# Who's still bitter about Alterra/Ikon?



## BurtonAvenger (Aug 14, 2007)

Clearly you didn't see the email this morning. If you didn't use your days by mid March that's on you, clocked 57 days on my pass.


----------



## tanscrazydaisy (Mar 11, 2013)

BurtonAvenger said:


> Clearly you didn't see the email this morning. If you didn't use your days by mid March that's on you, clocked 57 days on my pass.


Their email was sent after I created the thread.

I was on the phone with them after I made the thread, and their first email dump I never got, only their regular renewal for $50 off the base pass. The $100 off the base pass renewal email was sent after the thread was created

Sent from my moto x4 using Tapatalk


----------



## flyfisher09 (Apr 14, 2020)

tanscrazydaisy said:


> Their email was sent after I created the thread.
> 
> I was on the phone with them after I made the thread, and their first email dump I never got, only their regular renewal for $50 off the base pass. The $100 off the base pass renewal email was sent after the thread was created
> 
> Sent from my moto x4 using Tapatalk


I just saw the email with the extra $50 for renewing the pass for 2020/2021. This is complete BS. Did anyone see where they raised the price by $50 as well? They took everyone's money, a few people got a lot of skiing in and they have have paid basically $0 in overhead and expense since the ski areas shut down. They should be selling next year's passes at 1/2 off.


----------



## SoCalBoarder1 (Feb 9, 2014)

Lackluster incentive to renew for sure. There's also no guarantee the 20/21 season will be "normal" and without disruptions.


----------



## killclimbz (Aug 10, 2007)

The fact is, there is no guarantee there is going to be a 20/21 ski area season at all. I have been hearing through the grapevine that more than one resort is starting to think there will not be a season given the types of restrictions that will still be in place. Most ski areas in Colorado are modeling no summer business, but are still planning for winter. We'll know more in two months which way this is going. Concerts, festivals, theaters, amusement parks, sporting events are all in this boat. It's lame.


----------



## eelpout (Mar 1, 2009)

FYI. I received an email from Ikon today (I had already renewed my pass for next season before all this started). They'll be allowing one to defer 20/21 passes until 21/22. Something called "Adventure Assurance."

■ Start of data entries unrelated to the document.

lemma real_distribution_std_normal: "real_distribution std_normal"
proof -
  interpret prob_space std_normal by (rule prob_space_std_normal)
  show ?thesis by unfold_locales simp
qed

lemma finite_borel_measure_std_normal: "finite_borel_measure std_normal"
  by (rule real_distribution.finite_borel_measure_M[OF real_distribution_std_normal])

lemma Phi_eq_cdf: "Phi = cdf std_normal"
  by (simp add: Phi_def cdf_def fun_eq_iff)

lemma Phi_mono: "x \<le> y \<Longrightarrow> Phi x \<le> Phi y"
  unfolding Phi_eq_cdf by (rule finite_borel_measure.cdf_nondecreasing[OF finite_borel_measure_std_normal])

lemma borel_measurable_Phi [measurable]: "Phi \<in> borel_measurable borel"
  by (rule borel_measurable_mono) (auto simp: mono_def Phi_mono)

lemma Phi_le_1: "Phi x \<le> 1"
  unfolding Phi_eq_cdf by (rule real_distribution.cdf_bounded_prob[OF real_distribution_std_normal])

lemma Phi_at_top: "(Phi \<longlongrightarrow> 1) at_top"
  unfolding Phi_eq_cdf by (rule real_distribution.cdf_lim_at_top_prob[OF real_distribution_std_normal])

lemma Phi_at_bot: "(Phi \<longlongrightarrow> 0) at_bot"
  unfolding Phi_eq_cdf by (rule finite_borel_measure.cdf_lim_at_bot[OF finite_borel_measure_std_normal])

lemma emeasure_std_normal:
  "A \<in> sets borel \<Longrightarrow>
     emeasure std_normal A = (\<integral>\<^sup>+ x. ennreal (std_normal_density x) * indicator A x \<partial>lborel)"
  unfolding std_normal_def by (subst emeasure_density) auto

lemma isCont_Phi: "isCont Phi x"
proof -
  have "emeasure std_normal {x} = 0"
    using AE_lborel_singleton[of x]
    by (subst emeasure_std_normal, simp, subst nn_integral_0_iff_AE, simp) (auto elim: AE_mp)
  then have "measure std_normal {x} = 0"
    by (simp add: measure_def)
  then show ?thesis
    unfolding Phi_eq_cdf using finite_borel_measure.isCont_cdf[OF finite_borel_measure_std_normal] by simp
qed

lemma Phi_strict_mono: assumes "x < y" shows "Phi x < Phi y"
proof -
  interpret prob_space std_normal by (rule prob_space_std_normal)
  have "emeasure std_normal {x<..y} \<noteq> 0"
  proof
    assume "emeasure std_normal {x<..y} = 0"
    then have "AE t in lborel. ennreal (std_normal_density t) * indicator {x<..y} t = 0"
      by (subst (asm) emeasure_std_normal, simp) (subst (asm) nn_integral_0_iff_AE, auto)
    then have "AE t in lborel. t \<notin> {x<..y}"
      by eventually_elim (auto simp: std_normal_density_def indicator_def split: if_splits)
    then have "{x<..y} \<in> null_sets lborel"
      by (subst AE_iff_null_sets) auto
    with assms show False by auto
  qed
  then have "measure std_normal {x<..y} > 0"
    by (simp add: emeasure_eq_measure zero_less_measure_iff)
  moreover have "Phi y - Phi x = measure std_normal {x<..y}"
    unfolding Phi_eq_cdf by (rule finite_borel_measure.cdf_diff_eq[OF finite_borel_measure_std_normal assms])
  ultimately show ?thesis by simp
qed

lemma Phi_le_iff: "Phi x \<le> Phi y \<longleftrightarrow> x \<le> y"
  using Phi_strict_mono Phi_mono by (meson not_le)

lemma Phi_pos: "0 < Phi x"
proof -
  have "0 \<le> Phi (x - 1)" unfolding Phi_def by simp
  with Phi_strict_mono[of "x - 1" x] show ?thesis by simp
qed

lemma gen_inv_Phi_Phi [simp]: "gen_inv Phi (Phi s) = s"
proof -
  have "{y. Phi s \<le> Phi y} = {s..}" by (auto simp: Phi_le_iff)
  then show ?thesis unfolding gen_inv_def by simp
qed

lemma Phi_surj_unit_interval: assumes "0 < u" "u < 1" shows "\<exists>l. Phi l = u"
proof -
  obtain b where b: "u < Phi b"
    using order_tendstoD(1)[OF Phi_at_top assms(2)] by (auto simp: eventually_at_top_linorder)
  obtain a where a: "Phi a < u"
    using order_tendstoD(2)[OF Phi_at_bot assms(1)] by (auto simp: eventually_at_bot_linorder)
  with b have "a \<le> b"
    using Phi_le_iff by fastforce
  with a b show ?thesis
    using IVT[of Phi a u b] isCont_Phi by (meson less_imp_le)
qed

lemma Phi_gen_inv_Phi: "0 < u \<Longrightarrow> u < 1 \<Longrightarrow> Phi (gen_inv Phi u) = u"
  using Phi_surj_unit_interval by fastforce

lemma std_normal_density_affine:
  assumes "t > 0" shows "t * std_normal_density (t * z - a) = normal_density (a / t) (1 / t) z"
proof -
  have "sqrt (2 * pi * (1 / t)\<^sup>2) = sqrt (2 * pi) / t"
    using assms by (simp add: real_sqrt_mult real_sqrt_divide power2_eq_square)
  moreover have "- (z - a / t)\<^sup>2 / (2 * (1 / t)\<^sup>2) = - (t * z - a)\<^sup>2 / 2"
    using assms by (simp add: power2_eq_square field_simps)
  ultimately show ?thesis
    unfolding normal_density_def std_normal_density_def using assms by simp
qed

lemma integral_std_normal_affine:
  fixes g :: "real \<Rightarrow> real"
  assumes [measurable]: "g \<in> borel_measurable borel" and "t > 0"
  shows "(\<integral>e. g ((a + e) / t) \<partial>std_normal) = (\<integral>z. g z \<partial>density lborel (normal_density (a / t) (1 / t)))"
proof -
  have "(\<integral>e. g ((a + e) / t) \<partial>std_normal) = (\<integral>e. std_normal_density e * g ((a + e) / t) \<partial>lborel)"
    unfolding std_normal_def by (subst integral_density) auto
  also have "\<dots> = t * (\<integral>z. std_normal_density (t * z - a) * g z \<partial>lborel)"
    using \<open>t > 0\<close> by (subst lborel_integral_real_affine[where c = t and t = "- a"]) auto
  also have "\<dots> = (\<integral>z. normal_density (a / t) (1 / t) z * g z \<partial>lborel)"
    using std_normal_density_affine[OF \<open>t > 0\<close>]
    by (simp add: integral_mult_right_zero[symmetric] mult.assoc[symmetric])
  also have "\<dots> = (\<integral>z. g z \<partial>density lborel (normal_density (a / t) (1 / t)))"
    by (subst integral_density) auto
  finally show ?thesis .
qed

> During these uncertain times, you may feel unsure about the future and may have questions about your purchase of the 20/21 Ikon Pass.
> 
> To thank you for your 20/21 Ikon Pass purchase and to show gratitude to our loyal Ikon Pass community, we are introducing Adventure Assurance, providing flexibility to you for the 20/21 winter season, by offering you the choice to defer your adventure to the following season, winter 21/22.
> 
> ...


----------



## ridethecliche (Feb 27, 2019)

Interesting. I guess this way more people will buy if they're able and they can generate some capital that way


----------



## GregT943 (Apr 1, 2019)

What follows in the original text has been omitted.